### Input data
text \<open>Before task \<open>i\<close> the committed correction \<open>K\<close> and a residual error \<open>\<epsilon>'\<close> supported
  outside the past satisfy \<open>\<partial>(K + \<epsilon>) = \<partial>\<epsilon>'\<close> and \<open>|K| + |\<epsilon>'| \<le> |\<epsilon>|\<close>. Future generators are invisible
  to task \<open>i\<close>, so it effectively decodes the part \<open>\<eta>\<close> of \<open>\<epsilon>'\<close> in \<open>C\<^sub>i \<union> B\<^sub>i\<close>, of weight below \<open>d/2\<close>.
  The minimal answer \<open>\<mu>\<close> differs from \<open>\<eta>\<close> by an error \<open>\<delta>\<close> of weight below \<open>d\<close> that is silent on
  the visible checks; by the buffering condition every connected component of \<open>\<delta>\<close> meeting \<open>C\<^sub>i\<close>
  is undetectable. Adding these components to \<open>\<eta>\<close> does not increase its weight (by minimality of
  \<open>\<mu>\<close>) and makes it agree with \<open>\<mu>\<close> on \<open>C\<^sub>i\<close>, so after committing \<open>\<mu> \<inter> C\<^sub>i\<close> the invariant holds
  again with a residual in the buffer. After the last task the residual is empty. Since the run
  depends only on the syndrome of \<open>\<epsilon>\<close>, \<open>\<kappa>\<close> has minimum weight, and \<open>\<kappa> + \<epsilon>\<close> is an undetectable
  error of weight below \<open>d\<close>, hence logically trivial.\<close>

subsection \<open>Symmetric difference\<close>

lemma mem_sdiff: "x \<in> A \<oplus> B \<longleftrightarrow> (x \<in> A) \<noteq> (x \<in> B)"
  by (auto simp: sdiff_def)

lemma sdiff_assoc: "A \<oplus> B \<oplus> C = A \<oplus> (B \<oplus> C)"
  by (auto simp: sdiff_def)

lemma sdiff_commute: "A \<oplus> B = B \<oplus> A"
  by (auto simp: sdiff_def)

lemma sdiff_left_commute: "A \<oplus> (B \<oplus> C) = B \<oplus> (A \<oplus> C)"
  by (auto simp: sdiff_def)

lemmas sdiff_ac = sdiff_assoc sdiff_commute sdiff_left_commute

lemma sdiff_empty [simp]: "A \<oplus> {} = A" "{} \<oplus> A = A"
  by (auto simp: sdiff_def)

lemma sdiff_eq_empty_iff: "A \<oplus> B = {} \<longleftrightarrow> A = B"
  by (auto simp: sdiff_def)

lemma sdiff_subset: "A \<subseteq> X \<Longrightarrow> B \<subseteq> X \<Longrightarrow> A \<oplus> B \<subseteq> X"
  by (auto simp: sdiff_def)

lemma finite_sdiff: "finite A \<Longrightarrow> finite B \<Longrightarrow> finite (A \<oplus> B)"
  by (simp add: sdiff_def)

lemma sdiff_Int_distrib: "(A \<oplus> B) \<inter> V = (A \<inter> V) \<oplus> (B \<inter> V)"
  by (auto simp: sdiff_def)

lemma sdiff_disjoint_eq_Un: "A \<inter> B = {} \<Longrightarrow> A \<oplus> B = A \<union> B"
  by (auto simp: sdiff_def)

lemma Collect_sdiff: "{e \<in> A \<oplus> B. P e} = {e \<in> A. P e} \<oplus> {e \<in> B. P e}"
  by (auto simp: sdiff_def)

lemma card_sdiff_eq:
  assumes "finite A" "finite B"
  shows "card (A \<oplus> B) + 2 * card (A \<inter> B) = card A + card B"
proof -
  have "card (A \<oplus> B) = card (A - B) + card (B - A)"
    unfolding sdiff_def by (rule card_Un_disjoint) (use assms in auto)
  moreover have "card A = card (A - B) + card (A \<inter> B)"
    using card_Int_Diff[OF assms(1), of B] by simp
  moreover have "card B = card (B - A) + card (A \<inter> B)"
    using card_Int_Diff[OF assms(2), of A] by (simp add: Int_commute)
  ultimately show ?thesis by simp
qed

lemma card_sdiff_le: "finite A \<Longrightarrow> finite B \<Longrightarrow> card (A \<oplus> B) \<le> card A + card B"
  using card_sdiff_eq[of A B] by linarith

lemma odd_card_sdiff:
  assumes "finite A" "finite B"
  shows "odd (card (A \<oplus> B)) \<longleftrightarrow> odd (card A) \<noteq> odd (card B)"
  using card_sdiff_eq[OF assms] by presburger

text \<open>No finiteness of \<open>K\<close> is needed: if \<open>K\<close> is infinite, so are both sides, whose cardinality is
  then \<open>0\<close>.\<close>
lemma odd_card_sdiff_cong:
  assumes "finite A" "finite B" "odd (card A) = odd (card B)"
  shows "odd (card (K \<oplus> A)) = odd (card (K \<oplus> B))"
proof (cases "finite K")
  case True
  then show ?thesis using assms by (simp add: odd_card_sdiff)
next
  case False
  have "K \<subseteq> (K \<oplus> A) \<union> A" "K \<subseteq> (K \<oplus> B) \<union> B"
    by (auto simp: sdiff_def)
  then have "infinite (K \<oplus> A)" "infinite (K \<oplus> B)"
    using False assms(1,2) finite_subset by blast+
  then show ?thesis by simp
qed

lemma card_sdiff_swap:
  assumes "finite A" "finite B" "X \<subseteq> A \<oplus> B"
  shows "card (A \<oplus> X) + card (B \<oplus> X) = card A + card B"
proof -
  have "X = (A \<inter> X) \<union> (B \<inter> X)" "(A \<inter> X) \<inter> (B \<inter> X) = {}"
    using assms(3) by (auto simp: sdiff_def)
  moreover have "finite X"
    using assms by (meson finite_Un finite_subset sdiff_subset Un_upper1 Un_upper2)
  ultimately have "card (A \<inter> X) + card (B \<inter> X) = card X"
    by (metis card_Un_disjoint finite_Int)
  then show ?thesis
    using card_sdiff_eq[OF assms(1) \<open>finite X\<close>] card_sdiff_eq[OF assms(2) \<open>finite X\<close>] by linarith
qed

subsection \<open>Linearity of syndromes and logical effects\<close>

lemma syn_empty [simp]: "syn Sig D {} = {}"
  by (simp add: syn_def)

lemma mem_syn_flipped:
  assumes "\<sigma> \<in> syn Sig D \<eta>"
  shows "\<sigma> \<in> Sig" "\<exists>e\<in>\<eta>. D e \<sigma>"
proof -
  from assms show "\<sigma> \<in> Sig" by (simp add: syn_def)
  from assms have "odd (card {e \<in> \<eta>. D e \<sigma>})" by (simp add: syn_def)
  then show "\<exists>e\<in>\<eta>. D e \<sigma>"
    by (metis (mono_tags, lifting) Collect_empty_eq card.empty even_zero)
qed

lemma syn_sdiff:
  assumes "finite A" "finite B"
  shows "syn Sig D (A \<oplus> B) = syn Sig D A \<oplus> syn Sig D B"
proof (rule set_eqI)
  fix \<sigma>
  have "odd (card {e \<in> A \<oplus> B. D e \<sigma>}) \<longleftrightarrow> odd (card {e \<in> A. D e \<sigma>}) \<noteq> odd (card {e \<in> B. D e \<sigma>})"
    unfolding Collect_sdiff using assms by (simp add: odd_card_sdiff)
  then show "\<sigma> \<in> syn Sig D (A \<oplus> B) \<longleftrightarrow> \<sigma> \<in> syn Sig D A \<oplus> syn Sig D B"
    unfolding syn_def mem_Collect_eq mem_sdiff[of \<sigma>] by blast
qed

lemma logical_sdiff:
  assumes "finite A" "finite B"
  shows "logical M L (A \<oplus> B) = logical M L A \<oplus> logical M L B"
proof (rule set_eqI)
  fix m
  have "odd (card {e \<in> A \<oplus> B. L e m}) \<longleftrightarrow> odd (card {e \<in> A. L e m}) \<noteq> odd (card {e \<in> B. L e m})"
    unfolding Collect_sdiff using assms by (simp add: odd_card_sdiff)
  then show "m \<in> logical M L (A \<oplus> B) \<longleftrightarrow> m \<in> logical M L A \<oplus> logical M L B"
    unfolding logical_def mem_Collect_eq mem_sdiff[of m] by blast
qed

lemma syn_sdiff_cong:
  assumes "finite A" "finite B" "syn Sig D A = syn Sig D B"
  shows "syn Sig D (K \<oplus> A) = syn Sig D (K \<oplus> B)"
proof (rule set_eqI)
  fix \<sigma>
  have "\<sigma> \<in> Sig \<Longrightarrow> odd (card {e \<in> A. D e \<sigma>}) = odd (card {e \<in> B. D e \<sigma>})"
    using assms(3) unfolding syn_def by blast
  then have "\<sigma> \<in> Sig \<Longrightarrow> odd (card {e \<in> K \<oplus> A. D e \<sigma>}) = odd (card {e \<in> K \<oplus> B. D e \<sigma>})"
    unfolding Collect_sdiff
    using odd_card_sdiff_cong[of "{e \<in> A. D e \<sigma>}" "{e \<in> B. D e \<sigma>}" "{e \<in> K. D e \<sigma>}"] assms(1,2)
    by simp
  then show "\<sigma> \<in> syn Sig D (K \<oplus> A) \<longleftrightarrow> \<sigma> \<in> syn Sig D (K \<oplus> B)"
    unfolding syn_def mem_Collect_eq by blast
qed

lemma synV_sdiff:
  "finite X \<Longrightarrow> finite Y \<Longrightarrow>
     synV E Sig D C B i (X \<oplus> Y) = synV E Sig D C B i X \<oplus> synV E Sig D C B i Y"
  by (simp add: synV_def syn_sdiff sdiff_Int_distrib)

### Try it
The word "ultimately" may appear in several lines of the data; copy every line where it does.

### Result of the exercise
  ultimately show ?thesis by simp
  ultimately have "card (A \<inter> X) + card (B \<inter> X) = card X"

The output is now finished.